lemma cseq_aseq_add:
  assumes "1 \<le> n" "i < cseq k n"
  shows "cseq k (aseq k n + i) = sigma [cseq k n] ! i"
proof -
  define W where "W = prefix_blocks k n"
  define j where "j = n - 1"
  have W_letters: "set W \<subseteq> {1, 2}"
    unfolding W_def by (rule set_prefix_blocks_subset)
  have j: "j < length W"
    using assms(1) length_prefix_blocks_ge[of n] unfolding W_def j_def by simp
  have cn: "cseq k n = W ! j"
    using assms(1) cseq_Suc_eq_nth[OF j[unfolded W_def]] unfolding W_def j_def by simp
  have an: "aseq k n = Suc (k + sum_list (take j W))"
    using assms(1) aseq_Suc_eq_sum_list_take[of j n] j unfolding W_def j_def by simp
  have W_Suc: "prefix_blocks k (Suc n) = replicate k 1 @ sigma W"
    unfolding W_def by (rule prefix_blocks_Suc)
  have "sum_list (take j W) + i < sum_list W"
    and image: "sigma W ! (sum_list (take j W) + i) = sigma [W ! j] ! i"
    using nth_sigma_sum_list_take[OF W_letters j] assms(2) cn by simp_all
  then have "k + sum_list (take j W) + i < length (prefix_blocks k (Suc n))"
    using W_Suc length_sigma[OF W_letters] by simp
  then have "cseq k (aseq k n + i) = prefix_blocks k (Suc n) ! (k + sum_list (take j W) + i)"
    using an cseq_Suc_eq_nth by simp
  also have "\<dots> = sigma W ! (sum_list (take j W) + i)"
    using W_Suc by (simp add: nth_append)
  finally show ?thesis
    using image cn by simp
qed

lemma cseq_aseq: "1 \<le> n \<Longrightarrow> cseq k (aseq k n) = 2"
  using cseq_aseq_add[of n 0] cseq_mem[of n] by auto

lemma cseq_Suc_aseq: "1 \<le> n \<Longrightarrow> cseq k n = 2 \<Longrightarrow> cseq k (Suc (aseq k n)) = 1"
  using cseq_aseq_add[of n 1] by simp

lemma Suc_aseq_aseq:
  assumes "1 \<le> n"
  shows "Suc (aseq k (aseq k n)) = bseq k n"
proof -
  define W where "W = prefix_blocks k n"
  define j where "j = n - 1"
  define s where "s = sum_list (take j W)"
  have W_letters: "set W \<subseteq> {1, 2}"
    unfolding W_def by (rule set_prefix_blocks_subset)
  have j: "j < length W"
    using assms length_prefix_blocks_ge[of n] unfolding W_def j_def by simp
  have an: "aseq k n = Suc (k + s)"
    using assms aseq_Suc_eq_sum_list_take[of j n] j unfolding W_def j_def s_def by simp
  have W_Suc: "prefix_blocks k (Suc n) = replicate k 1 @ sigma W"
    unfolding W_def by (rule prefix_blocks_Suc)
  have "0 < W ! j"
    using W_letters j nth_mem by fastforce
  then have "s < sum_list W"
    using nth_sigma_sum_list_take(1)[OF W_letters j, of 0] unfolding s_def by simp
  then have "k + s \<le> length (prefix_blocks k (Suc n))"
    using W_Suc length_sigma[OF W_letters] by simp
  then have "aseq k (aseq k n) = k + 1 + sum_list (take (k + s) (prefix_blocks k (Suc n)))"
    using an aseq_Suc_eq_sum_list_take by simp
  also have "take (k + s) (prefix_blocks k (Suc n)) = replicate k 1 @ sigma (take j W)"
    using W_Suc take_sigma_sum_list_take[OF W_letters] unfolding s_def by simp
  also have "sum_list \<dots> = k + s + j"
    using sum_list_sigma[of "take j W"] W_letters set_take_subset j
    unfolding s_def by (fastforce simp: sum_list_replicate)
  finally show ?thesis
    using assms an bseq_eq unfolding j_def by simp
qed

lemma aseq_strict_mono: "1 \<le> m \<Longrightarrow> m < n \<Longrightarrow> aseq k m < aseq k n"
proof (induction n)
  case 0
  then show ?case by simp
next
  case (Suc n)
  then have "aseq k n < aseq k (Suc n)"
    using aseq_Suc cseq_mem[of n] by fastforce
  with Suc show ?case
    by (cases "m = n") auto
qed

lemma aseq_less_iff: "1 \<le> m \<Longrightarrow> 1 \<le> n \<Longrightarrow> aseq k m < aseq k n \<longleftrightarrow> m < n"
  using aseq_strict_mono[of m n] aseq_strict_mono[of n m] by (cases m n rule: linorder_cases) auto

lemma aseq_eq_iff: "1 \<le> m \<Longrightarrow> 1 \<le> n \<Longrightarrow> aseq k m = aseq k n \<longleftrightarrow> m = n"
  using aseq_strict_mono[of m n] aseq_strict_mono[of n m] by (cases m n rule: linorder_cases) auto

lemma bseq_eq_iff: "1 \<le> m \<Longrightarrow> 1 \<le> n \<Longrightarrow> bseq k m = bseq k n \<longleftrightarrow> m = n"
  using aseq_strict_mono[of m n] aseq_strict_mono[of n m] bseq_eq[of m] bseq_eq[of n]
  by (cases m n rule: linorder_cases) auto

* Activity:
From the line that contains "aseq k (Suc" to the last line of the material above, repeat every line exactly, keeping both the first and the last.

* Answer box:
  then have "aseq k n < aseq k (Suc n)"
    using aseq_Suc cseq_mem[of n] by fastforce
  with Suc show ?case
    by (cases "m = n") auto
qed

lemma aseq_less_iff: "1 \<le> m \<Longrightarrow> 1 \<le> n \<Longrightarrow> aseq k m < aseq k n \<longleftrightarrow> m < n"
  using aseq_strict_mono[of m n] aseq_strict_mono[of n m] by (cases m n rule: linorder_cases) auto

lemma aseq_eq_iff: "1 \<le> m \<Longrightarrow> 1 \<le> n \<Longrightarrow> aseq k m = aseq k n \<longleftrightarrow> m = n"
  using aseq_strict_mono[of m n] aseq_strict_mono[of n m] by (cases m n rule: linorder_cases) auto

lemma bseq_eq_iff: "1 \<le> m \<Longrightarrow> 1 \<le> n \<Longrightarrow> bseq k m = bseq k n \<longleftrightarrow> m = n"
  using aseq_strict_mono[of m n] aseq_strict_mono[of n m] bseq_eq[of m] bseq_eq[of n]
  by (cases m n rule: linorder_cases) auto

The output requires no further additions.